Extracted material:

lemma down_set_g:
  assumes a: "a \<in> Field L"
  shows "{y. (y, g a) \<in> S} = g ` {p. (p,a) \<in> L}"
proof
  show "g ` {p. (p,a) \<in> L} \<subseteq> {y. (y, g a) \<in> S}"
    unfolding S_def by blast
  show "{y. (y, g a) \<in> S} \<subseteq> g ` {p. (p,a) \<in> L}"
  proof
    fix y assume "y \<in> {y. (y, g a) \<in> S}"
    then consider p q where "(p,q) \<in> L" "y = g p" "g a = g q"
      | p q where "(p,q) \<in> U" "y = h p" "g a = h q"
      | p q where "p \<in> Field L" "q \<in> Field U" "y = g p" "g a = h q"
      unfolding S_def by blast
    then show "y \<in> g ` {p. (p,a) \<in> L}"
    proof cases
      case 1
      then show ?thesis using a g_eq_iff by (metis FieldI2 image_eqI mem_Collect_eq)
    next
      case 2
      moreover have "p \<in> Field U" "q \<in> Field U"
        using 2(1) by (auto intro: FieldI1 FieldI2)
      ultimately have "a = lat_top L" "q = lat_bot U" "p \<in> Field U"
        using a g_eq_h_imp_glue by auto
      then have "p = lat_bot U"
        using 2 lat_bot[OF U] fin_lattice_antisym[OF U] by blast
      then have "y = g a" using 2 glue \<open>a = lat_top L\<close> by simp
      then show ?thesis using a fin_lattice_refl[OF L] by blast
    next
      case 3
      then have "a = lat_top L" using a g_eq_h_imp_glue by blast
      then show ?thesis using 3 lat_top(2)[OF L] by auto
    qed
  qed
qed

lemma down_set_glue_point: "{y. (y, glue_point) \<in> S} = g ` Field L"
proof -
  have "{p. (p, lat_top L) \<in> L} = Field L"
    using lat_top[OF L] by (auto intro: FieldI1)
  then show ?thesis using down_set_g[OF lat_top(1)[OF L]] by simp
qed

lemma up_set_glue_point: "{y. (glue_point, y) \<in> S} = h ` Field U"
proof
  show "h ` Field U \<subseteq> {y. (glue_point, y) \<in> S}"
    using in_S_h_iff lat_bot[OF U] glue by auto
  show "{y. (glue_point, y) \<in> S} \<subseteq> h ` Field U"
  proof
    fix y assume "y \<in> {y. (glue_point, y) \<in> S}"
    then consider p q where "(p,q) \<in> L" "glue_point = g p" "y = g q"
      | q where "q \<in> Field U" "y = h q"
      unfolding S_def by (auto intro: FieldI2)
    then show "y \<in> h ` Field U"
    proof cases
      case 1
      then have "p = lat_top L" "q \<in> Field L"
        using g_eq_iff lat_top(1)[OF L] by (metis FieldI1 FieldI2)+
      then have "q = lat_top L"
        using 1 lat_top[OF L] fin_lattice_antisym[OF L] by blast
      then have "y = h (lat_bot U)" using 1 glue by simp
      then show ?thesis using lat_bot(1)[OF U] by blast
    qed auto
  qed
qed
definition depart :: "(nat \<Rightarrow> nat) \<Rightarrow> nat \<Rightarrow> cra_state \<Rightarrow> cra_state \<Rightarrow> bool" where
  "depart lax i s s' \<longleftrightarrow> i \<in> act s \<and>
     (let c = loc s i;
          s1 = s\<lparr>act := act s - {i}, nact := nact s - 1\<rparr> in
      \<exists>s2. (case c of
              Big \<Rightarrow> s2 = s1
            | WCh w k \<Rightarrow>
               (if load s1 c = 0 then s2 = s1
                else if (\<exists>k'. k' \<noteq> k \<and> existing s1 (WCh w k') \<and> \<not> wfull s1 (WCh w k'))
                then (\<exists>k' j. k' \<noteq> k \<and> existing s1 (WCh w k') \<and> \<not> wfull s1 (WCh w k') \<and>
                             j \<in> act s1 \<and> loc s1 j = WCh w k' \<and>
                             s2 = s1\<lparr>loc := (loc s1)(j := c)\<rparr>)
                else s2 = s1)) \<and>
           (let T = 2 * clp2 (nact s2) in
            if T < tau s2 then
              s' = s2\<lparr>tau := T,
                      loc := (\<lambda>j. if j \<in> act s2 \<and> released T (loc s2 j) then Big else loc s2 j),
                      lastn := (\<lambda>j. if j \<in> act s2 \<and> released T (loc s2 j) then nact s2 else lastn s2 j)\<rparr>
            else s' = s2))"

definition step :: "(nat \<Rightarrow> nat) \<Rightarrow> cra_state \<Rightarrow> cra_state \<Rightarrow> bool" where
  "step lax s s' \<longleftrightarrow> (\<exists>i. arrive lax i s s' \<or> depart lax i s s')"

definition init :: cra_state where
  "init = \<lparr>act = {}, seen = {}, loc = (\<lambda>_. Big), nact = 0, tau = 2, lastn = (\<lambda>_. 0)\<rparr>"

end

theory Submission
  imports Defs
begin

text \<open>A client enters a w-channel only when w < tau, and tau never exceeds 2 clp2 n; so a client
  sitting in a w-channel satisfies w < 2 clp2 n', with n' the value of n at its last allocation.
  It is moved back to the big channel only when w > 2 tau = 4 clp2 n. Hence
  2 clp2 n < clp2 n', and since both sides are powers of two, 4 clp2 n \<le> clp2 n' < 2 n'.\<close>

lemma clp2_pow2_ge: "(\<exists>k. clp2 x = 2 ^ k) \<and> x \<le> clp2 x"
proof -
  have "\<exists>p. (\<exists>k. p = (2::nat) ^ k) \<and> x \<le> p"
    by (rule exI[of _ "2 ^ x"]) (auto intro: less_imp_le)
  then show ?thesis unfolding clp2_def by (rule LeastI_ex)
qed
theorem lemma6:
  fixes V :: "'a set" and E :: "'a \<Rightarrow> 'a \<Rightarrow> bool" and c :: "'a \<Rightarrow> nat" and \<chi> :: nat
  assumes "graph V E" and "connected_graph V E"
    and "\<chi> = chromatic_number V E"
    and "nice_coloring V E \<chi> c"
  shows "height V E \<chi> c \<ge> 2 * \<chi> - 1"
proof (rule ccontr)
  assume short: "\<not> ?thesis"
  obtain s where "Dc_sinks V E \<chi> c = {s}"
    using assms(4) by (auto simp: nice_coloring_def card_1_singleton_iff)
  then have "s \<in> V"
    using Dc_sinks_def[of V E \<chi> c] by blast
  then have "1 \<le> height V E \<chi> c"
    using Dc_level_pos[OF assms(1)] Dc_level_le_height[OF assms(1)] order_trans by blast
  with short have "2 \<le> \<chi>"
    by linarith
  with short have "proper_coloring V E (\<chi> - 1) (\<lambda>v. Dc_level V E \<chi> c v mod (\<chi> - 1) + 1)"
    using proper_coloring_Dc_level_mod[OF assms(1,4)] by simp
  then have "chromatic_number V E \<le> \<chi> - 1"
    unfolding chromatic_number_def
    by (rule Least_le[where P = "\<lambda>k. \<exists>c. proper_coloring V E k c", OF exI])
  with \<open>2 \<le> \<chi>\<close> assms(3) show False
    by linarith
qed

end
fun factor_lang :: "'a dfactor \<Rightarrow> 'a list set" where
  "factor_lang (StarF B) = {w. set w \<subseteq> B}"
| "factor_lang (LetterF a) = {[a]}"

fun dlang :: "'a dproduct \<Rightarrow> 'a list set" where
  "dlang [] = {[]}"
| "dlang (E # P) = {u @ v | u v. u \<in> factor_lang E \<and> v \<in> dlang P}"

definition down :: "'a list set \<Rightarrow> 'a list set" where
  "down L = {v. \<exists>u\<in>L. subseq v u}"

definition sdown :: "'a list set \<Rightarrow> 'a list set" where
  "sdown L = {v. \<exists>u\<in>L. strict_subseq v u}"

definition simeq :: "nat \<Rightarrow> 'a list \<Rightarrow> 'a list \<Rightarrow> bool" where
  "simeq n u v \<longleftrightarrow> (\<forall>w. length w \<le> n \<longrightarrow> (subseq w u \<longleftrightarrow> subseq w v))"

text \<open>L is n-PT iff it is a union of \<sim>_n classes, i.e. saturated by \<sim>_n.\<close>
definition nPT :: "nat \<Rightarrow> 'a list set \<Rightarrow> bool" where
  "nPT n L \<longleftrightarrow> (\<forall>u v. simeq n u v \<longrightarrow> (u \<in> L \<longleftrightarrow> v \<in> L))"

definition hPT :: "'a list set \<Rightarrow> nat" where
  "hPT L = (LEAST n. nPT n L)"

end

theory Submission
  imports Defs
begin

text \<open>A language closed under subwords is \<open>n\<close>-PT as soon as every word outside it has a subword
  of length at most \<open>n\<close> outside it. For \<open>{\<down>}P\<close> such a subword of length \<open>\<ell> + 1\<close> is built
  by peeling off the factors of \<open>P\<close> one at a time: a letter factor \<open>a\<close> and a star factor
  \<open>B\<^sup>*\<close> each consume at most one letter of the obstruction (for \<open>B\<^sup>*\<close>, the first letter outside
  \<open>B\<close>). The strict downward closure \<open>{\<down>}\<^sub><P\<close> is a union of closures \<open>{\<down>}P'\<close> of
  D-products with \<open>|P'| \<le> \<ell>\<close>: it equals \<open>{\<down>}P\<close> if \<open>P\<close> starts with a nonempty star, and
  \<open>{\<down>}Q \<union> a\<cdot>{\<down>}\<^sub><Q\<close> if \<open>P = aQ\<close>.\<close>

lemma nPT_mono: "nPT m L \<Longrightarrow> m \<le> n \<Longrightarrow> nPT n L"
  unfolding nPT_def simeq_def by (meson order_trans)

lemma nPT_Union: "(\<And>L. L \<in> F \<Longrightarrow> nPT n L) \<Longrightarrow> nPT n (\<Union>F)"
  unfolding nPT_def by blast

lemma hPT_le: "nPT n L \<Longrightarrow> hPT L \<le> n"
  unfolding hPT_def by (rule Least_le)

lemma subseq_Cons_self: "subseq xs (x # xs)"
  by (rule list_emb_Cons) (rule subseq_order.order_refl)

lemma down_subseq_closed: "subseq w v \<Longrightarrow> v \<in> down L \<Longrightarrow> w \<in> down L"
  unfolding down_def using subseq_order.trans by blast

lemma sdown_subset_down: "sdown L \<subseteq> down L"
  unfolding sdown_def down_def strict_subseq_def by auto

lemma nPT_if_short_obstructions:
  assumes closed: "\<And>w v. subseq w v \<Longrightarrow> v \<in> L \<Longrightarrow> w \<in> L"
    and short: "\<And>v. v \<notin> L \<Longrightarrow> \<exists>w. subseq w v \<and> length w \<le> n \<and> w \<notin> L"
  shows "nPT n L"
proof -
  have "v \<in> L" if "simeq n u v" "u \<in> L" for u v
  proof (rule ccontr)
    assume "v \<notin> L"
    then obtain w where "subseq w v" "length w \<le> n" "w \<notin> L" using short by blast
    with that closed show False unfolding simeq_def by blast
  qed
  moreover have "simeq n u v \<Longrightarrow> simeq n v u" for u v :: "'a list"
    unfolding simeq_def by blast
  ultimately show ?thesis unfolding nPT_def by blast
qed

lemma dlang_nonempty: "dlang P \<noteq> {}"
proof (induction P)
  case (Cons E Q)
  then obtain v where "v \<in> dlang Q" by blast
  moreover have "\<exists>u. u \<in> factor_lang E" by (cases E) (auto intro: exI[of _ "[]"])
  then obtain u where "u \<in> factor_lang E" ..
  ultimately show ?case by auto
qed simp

Task details:
Starting at the line that contains "with that closed", repeat each line exactly through the last one in the listing. Include both of those lines and nothing more.

Exercise response:
    with that closed show False unfolding simeq_def by blast
  qed
  moreover have "simeq n u v \<Longrightarrow> simeq n v u" for u v :: "'a list"
    unfolding simeq_def by blast
  ultimately show ?thesis unfolding nPT_def by blast
qed

lemma dlang_nonempty: "dlang P \<noteq> {}"
proof (induction P)
  case (Cons E Q)
  then obtain v where "v \<in> dlang Q" by blast
  moreover have "\<exists>u. u \<in> factor_lang E" by (cases E) (auto intro: exI[of _ "[]"])
  then obtain u where "u \<in> factor_lang E" ..
  ultimately show ?case by auto
qed simp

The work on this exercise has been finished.